(Stored items)
▬▬▬▬▬▬▬▬▬▬

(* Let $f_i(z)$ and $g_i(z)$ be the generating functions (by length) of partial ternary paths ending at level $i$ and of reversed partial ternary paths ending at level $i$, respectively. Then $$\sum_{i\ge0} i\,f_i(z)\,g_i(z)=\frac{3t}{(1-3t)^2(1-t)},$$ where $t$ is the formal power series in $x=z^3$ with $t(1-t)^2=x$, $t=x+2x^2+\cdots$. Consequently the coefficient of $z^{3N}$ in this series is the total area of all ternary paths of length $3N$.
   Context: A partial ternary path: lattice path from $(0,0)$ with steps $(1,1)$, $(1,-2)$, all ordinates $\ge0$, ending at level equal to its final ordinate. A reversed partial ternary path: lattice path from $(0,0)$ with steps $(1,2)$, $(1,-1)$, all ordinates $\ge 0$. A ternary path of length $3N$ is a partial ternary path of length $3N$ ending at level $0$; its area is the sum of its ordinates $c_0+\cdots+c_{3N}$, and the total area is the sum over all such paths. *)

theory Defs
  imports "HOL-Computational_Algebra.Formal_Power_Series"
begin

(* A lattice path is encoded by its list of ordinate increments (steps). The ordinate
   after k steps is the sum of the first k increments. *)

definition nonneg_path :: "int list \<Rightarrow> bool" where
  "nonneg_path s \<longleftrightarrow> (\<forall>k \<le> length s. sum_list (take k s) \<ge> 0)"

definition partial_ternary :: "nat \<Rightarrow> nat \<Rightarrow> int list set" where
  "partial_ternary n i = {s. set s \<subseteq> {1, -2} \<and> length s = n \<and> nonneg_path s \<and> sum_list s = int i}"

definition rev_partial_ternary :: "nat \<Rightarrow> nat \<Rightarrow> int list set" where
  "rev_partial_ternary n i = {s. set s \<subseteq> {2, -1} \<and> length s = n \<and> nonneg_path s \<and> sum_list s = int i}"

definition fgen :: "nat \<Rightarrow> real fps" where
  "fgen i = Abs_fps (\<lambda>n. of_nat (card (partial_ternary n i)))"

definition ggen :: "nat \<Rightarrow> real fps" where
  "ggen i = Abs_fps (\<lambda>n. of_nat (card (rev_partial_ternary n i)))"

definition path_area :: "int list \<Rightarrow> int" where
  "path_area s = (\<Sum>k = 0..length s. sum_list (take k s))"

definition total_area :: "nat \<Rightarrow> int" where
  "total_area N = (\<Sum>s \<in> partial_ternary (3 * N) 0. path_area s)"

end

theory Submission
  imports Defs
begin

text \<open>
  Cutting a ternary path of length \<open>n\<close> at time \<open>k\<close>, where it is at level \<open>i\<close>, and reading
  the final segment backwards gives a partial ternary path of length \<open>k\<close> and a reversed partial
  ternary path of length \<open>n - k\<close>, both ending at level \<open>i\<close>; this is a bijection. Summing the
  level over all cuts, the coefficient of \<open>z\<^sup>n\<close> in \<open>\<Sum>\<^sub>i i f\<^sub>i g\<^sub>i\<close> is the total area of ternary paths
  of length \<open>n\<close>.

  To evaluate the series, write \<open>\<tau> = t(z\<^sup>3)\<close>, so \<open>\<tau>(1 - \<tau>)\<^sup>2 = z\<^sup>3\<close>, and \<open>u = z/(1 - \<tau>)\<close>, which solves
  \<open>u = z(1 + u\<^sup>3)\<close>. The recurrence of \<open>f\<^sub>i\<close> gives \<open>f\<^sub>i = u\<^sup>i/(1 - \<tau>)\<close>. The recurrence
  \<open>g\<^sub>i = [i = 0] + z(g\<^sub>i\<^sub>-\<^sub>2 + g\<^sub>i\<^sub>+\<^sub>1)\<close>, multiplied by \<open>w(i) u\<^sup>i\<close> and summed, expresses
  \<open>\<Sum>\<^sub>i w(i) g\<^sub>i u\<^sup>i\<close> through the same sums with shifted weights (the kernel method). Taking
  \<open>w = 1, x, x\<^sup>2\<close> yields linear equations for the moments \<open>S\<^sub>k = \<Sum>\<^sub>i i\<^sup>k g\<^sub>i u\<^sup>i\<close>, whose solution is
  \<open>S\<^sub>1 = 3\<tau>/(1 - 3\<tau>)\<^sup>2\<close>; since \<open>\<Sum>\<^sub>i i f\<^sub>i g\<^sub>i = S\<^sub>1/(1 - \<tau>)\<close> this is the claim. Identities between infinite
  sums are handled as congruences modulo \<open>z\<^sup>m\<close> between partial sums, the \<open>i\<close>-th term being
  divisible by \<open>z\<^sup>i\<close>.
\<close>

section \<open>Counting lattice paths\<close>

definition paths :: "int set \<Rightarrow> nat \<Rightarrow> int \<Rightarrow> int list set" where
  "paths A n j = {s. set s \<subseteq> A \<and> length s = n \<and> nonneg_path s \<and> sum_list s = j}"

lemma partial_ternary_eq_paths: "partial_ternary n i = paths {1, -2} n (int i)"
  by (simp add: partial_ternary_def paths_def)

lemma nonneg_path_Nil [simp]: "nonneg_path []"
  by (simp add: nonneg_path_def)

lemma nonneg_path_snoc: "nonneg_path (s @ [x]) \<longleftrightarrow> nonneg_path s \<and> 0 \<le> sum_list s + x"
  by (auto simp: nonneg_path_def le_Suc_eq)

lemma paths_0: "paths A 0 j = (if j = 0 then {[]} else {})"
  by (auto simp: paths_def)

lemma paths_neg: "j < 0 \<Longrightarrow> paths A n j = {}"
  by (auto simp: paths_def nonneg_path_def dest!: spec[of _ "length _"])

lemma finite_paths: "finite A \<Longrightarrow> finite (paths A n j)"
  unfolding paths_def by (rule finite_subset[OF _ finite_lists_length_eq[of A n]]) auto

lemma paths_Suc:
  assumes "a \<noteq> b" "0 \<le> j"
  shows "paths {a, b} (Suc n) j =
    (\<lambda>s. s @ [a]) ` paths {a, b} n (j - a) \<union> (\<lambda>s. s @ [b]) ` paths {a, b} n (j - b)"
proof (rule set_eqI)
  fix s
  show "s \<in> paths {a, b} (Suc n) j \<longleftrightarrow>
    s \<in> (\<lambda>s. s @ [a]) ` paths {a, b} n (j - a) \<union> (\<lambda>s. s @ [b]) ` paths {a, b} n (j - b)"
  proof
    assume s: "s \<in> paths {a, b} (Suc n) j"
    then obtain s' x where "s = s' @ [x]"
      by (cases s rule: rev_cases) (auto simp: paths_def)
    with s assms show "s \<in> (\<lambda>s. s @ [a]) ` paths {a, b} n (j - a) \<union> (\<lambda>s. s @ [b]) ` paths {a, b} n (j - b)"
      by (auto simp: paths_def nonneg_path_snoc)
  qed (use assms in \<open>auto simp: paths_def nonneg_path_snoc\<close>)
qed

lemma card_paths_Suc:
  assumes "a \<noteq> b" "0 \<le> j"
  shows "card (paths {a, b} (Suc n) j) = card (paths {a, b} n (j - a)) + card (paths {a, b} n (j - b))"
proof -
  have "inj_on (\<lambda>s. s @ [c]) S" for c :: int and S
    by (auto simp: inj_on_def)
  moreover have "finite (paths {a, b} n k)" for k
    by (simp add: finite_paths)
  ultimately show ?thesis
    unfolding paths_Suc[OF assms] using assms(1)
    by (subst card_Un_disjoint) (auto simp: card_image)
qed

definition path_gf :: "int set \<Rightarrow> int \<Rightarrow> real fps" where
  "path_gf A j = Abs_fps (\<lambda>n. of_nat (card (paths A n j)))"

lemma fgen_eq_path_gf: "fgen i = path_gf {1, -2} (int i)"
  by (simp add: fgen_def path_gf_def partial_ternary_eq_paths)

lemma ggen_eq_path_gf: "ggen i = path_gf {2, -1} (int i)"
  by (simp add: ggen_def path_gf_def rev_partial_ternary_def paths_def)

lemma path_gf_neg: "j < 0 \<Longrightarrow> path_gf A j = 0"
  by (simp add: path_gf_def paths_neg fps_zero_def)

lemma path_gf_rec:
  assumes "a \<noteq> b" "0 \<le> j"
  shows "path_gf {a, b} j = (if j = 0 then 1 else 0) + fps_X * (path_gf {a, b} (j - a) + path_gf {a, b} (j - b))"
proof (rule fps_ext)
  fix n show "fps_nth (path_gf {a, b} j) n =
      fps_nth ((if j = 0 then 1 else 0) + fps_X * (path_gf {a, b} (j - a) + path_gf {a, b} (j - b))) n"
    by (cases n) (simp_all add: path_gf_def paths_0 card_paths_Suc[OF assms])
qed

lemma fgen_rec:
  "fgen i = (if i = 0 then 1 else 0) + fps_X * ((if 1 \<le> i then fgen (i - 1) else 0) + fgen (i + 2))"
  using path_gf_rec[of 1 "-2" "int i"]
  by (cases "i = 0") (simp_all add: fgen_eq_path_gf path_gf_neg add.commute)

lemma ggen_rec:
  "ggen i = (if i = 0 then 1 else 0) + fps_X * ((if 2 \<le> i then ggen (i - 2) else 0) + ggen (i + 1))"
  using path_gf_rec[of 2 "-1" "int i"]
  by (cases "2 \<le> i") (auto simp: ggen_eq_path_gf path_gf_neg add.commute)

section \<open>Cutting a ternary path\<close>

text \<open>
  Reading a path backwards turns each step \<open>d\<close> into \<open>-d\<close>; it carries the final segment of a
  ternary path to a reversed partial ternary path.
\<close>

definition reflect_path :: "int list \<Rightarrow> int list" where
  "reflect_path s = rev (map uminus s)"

▬▬▬▬▬▬▬▬▬▬

__Requirement__.
The answer must consist of every line from the data that holds the string "longleftrightarrow".

__Answer to the problem__.
  "nonneg_path s \<longleftrightarrow> (\<forall>k \<le> length s. sum_list (take k s) \<ge> 0)"
lemma nonneg_path_snoc: "nonneg_path (s @ [x]) \<longleftrightarrow> nonneg_path s \<and> 0 \<le> sum_list s + x"
  show "s \<in> paths {a, b} (Suc n) j \<longleftrightarrow>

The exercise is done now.